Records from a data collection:
★ ★ ★ ★ ★ ★ ★

theorem lemma4p2:
  "\<exists>C::real. \<forall>F :: int \<Rightarrow> complex.
     (\<forall>n. cmod (F n) < 1) \<and> (\<exists>n0. \<forall>n<n0. F n = 0) \<and> (F \<longlongrightarrow> 0) at_top \<longrightarrow>
       (\<exists>N0. \<forall>n\<ge>N0. \<forall>z\<in>cball 0 1.
          \<bar>arg_astar (trunc F n) z - arg_astar (trunc F (n - 1)) z\<bar> \<le> C * cmod (F n)) \<and>
       (\<forall>\<epsilon>>0. \<exists>N0. \<forall>n\<ge>N0. \<forall>z\<in>cball 0 1.
          \<bar>arg_astar (trunc F n) z - arg_astar (trunc F (n - 1)) z\<bar> < \<epsilon>)"
proof (intro exI[of _ 2] allI impI)
  fix F :: "int \<Rightarrow> complex"
  assume "(\<forall>n. cmod (F n) < 1) \<and> (\<exists>n0. \<forall>n<n0. F n = 0) \<and> (F \<longlongrightarrow> 0) at_top"
  then obtain n0 where F: "\<forall>n. cmod (F n) < 1" and n0: "\<forall>n<n0. F n = 0" and lim: "(F \<longlongrightarrow> 0) at_top"
    by blast
  let ?d = "\<lambda>n z. \<bar>arg_astar (trunc F n) z - arg_astar (trunc F (n - 1)) z\<bar>"
  have small: "\<forall>\<^sub>F n in at_top. cmod (F n) < e" if "e > 0" for e
    using tendstoD[OF lim that] by simp
  have "\<forall>\<^sub>F n in at_top. cmod (F n) < 1/2" by (rule small) simp
  then have bound: "\<forall>\<^sub>F n in at_top. \<forall>z\<in>cball 0 1. ?d n z \<le> 2 * cmod (F n)"
    using eventually_ge_at_top[of 1] eventually_gt_at_top[of "-n0"]
    by eventually_elim (simp add: abs_arg_astar_trunc_diff_le[OF F n0])
  have uniform: "\<forall>\<^sub>F n in at_top. \<forall>z\<in>cball 0 1. ?d n z < \<epsilon>" if "\<epsilon> > 0" for \<epsilon>
    using bound small[OF half_gt_zero[OF that]] by eventually_elim force
  from bound uniform
  show "(\<exists>N0. \<forall>n\<ge>N0. \<forall>z\<in>cball 0 1. ?d n z \<le> 2 * cmod (F n)) \<and>
        (\<forall>\<epsilon>>0. \<exists>N0. \<forall>n\<ge>N0. \<forall>z\<in>cball 0 1. ?d n z < \<epsilon>)"
    unfolding eventually_at_top_linorder by blast
qed

end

★ ★ ★ ★ ★ ★ ★

▶ _Work request_
Restate word for word the lines of the data above, starting at the line containing "C * cmod (F n)) \<and>" and ending at the line containing "from bound uniform", both included, and nothing more.

▶ _Solution to the problem_
          \<bar>arg_astar (trunc F n) z - arg_astar (trunc F (n - 1)) z\<bar> \<le> C * cmod (F n)) \<and>
       (\<forall>\<epsilon>>0. \<exists>N0. \<forall>n\<ge>N0. \<forall>z\<in>cball 0 1.
          \<bar>arg_astar (trunc F n) z - arg_astar (trunc F (n - 1)) z\<bar> < \<epsilon>)"
proof (intro exI[of _ 2] allI impI)
  fix F :: "int \<Rightarrow> complex"
  assume "(\<forall>n. cmod (F n) < 1) \<and> (\<exists>n0. \<forall>n<n0. F n = 0) \<and> (F \<longlongrightarrow> 0) at_top"
  then obtain n0 where F: "\<forall>n. cmod (F n) < 1" and n0: "\<forall>n<n0. F n = 0" and lim: "(F \<longlongrightarrow> 0) at_top"
    by blast
  let ?d = "\<lambda>n z. \<bar>arg_astar (trunc F n) z - arg_astar (trunc F (n - 1)) z\<bar>"
  have small: "\<forall>\<^sub>F n in at_top. cmod (F n) < e" if "e > 0" for e
    using tendstoD[OF lim that] by simp
  have "\<forall>\<^sub>F n in at_top. cmod (F n) < 1/2" by (rule small) simp
  then have bound: "\<forall>\<^sub>F n in at_top. \<forall>z\<in>cball 0 1. ?d n z \<le> 2 * cmod (F n)"
    using eventually_ge_at_top[of 1] eventually_gt_at_top[of "-n0"]
    by eventually_elim (simp add: abs_arg_astar_trunc_diff_le[OF F n0])
  have uniform: "\<forall>\<^sub>F n in at_top. \<forall>z\<in>cball 0 1. ?d n z < \<epsilon>" if "\<epsilon> > 0" for \<epsilon>
    using bound small[OF half_gt_zero[OF that]] by eventually_elim force
  from bound uniform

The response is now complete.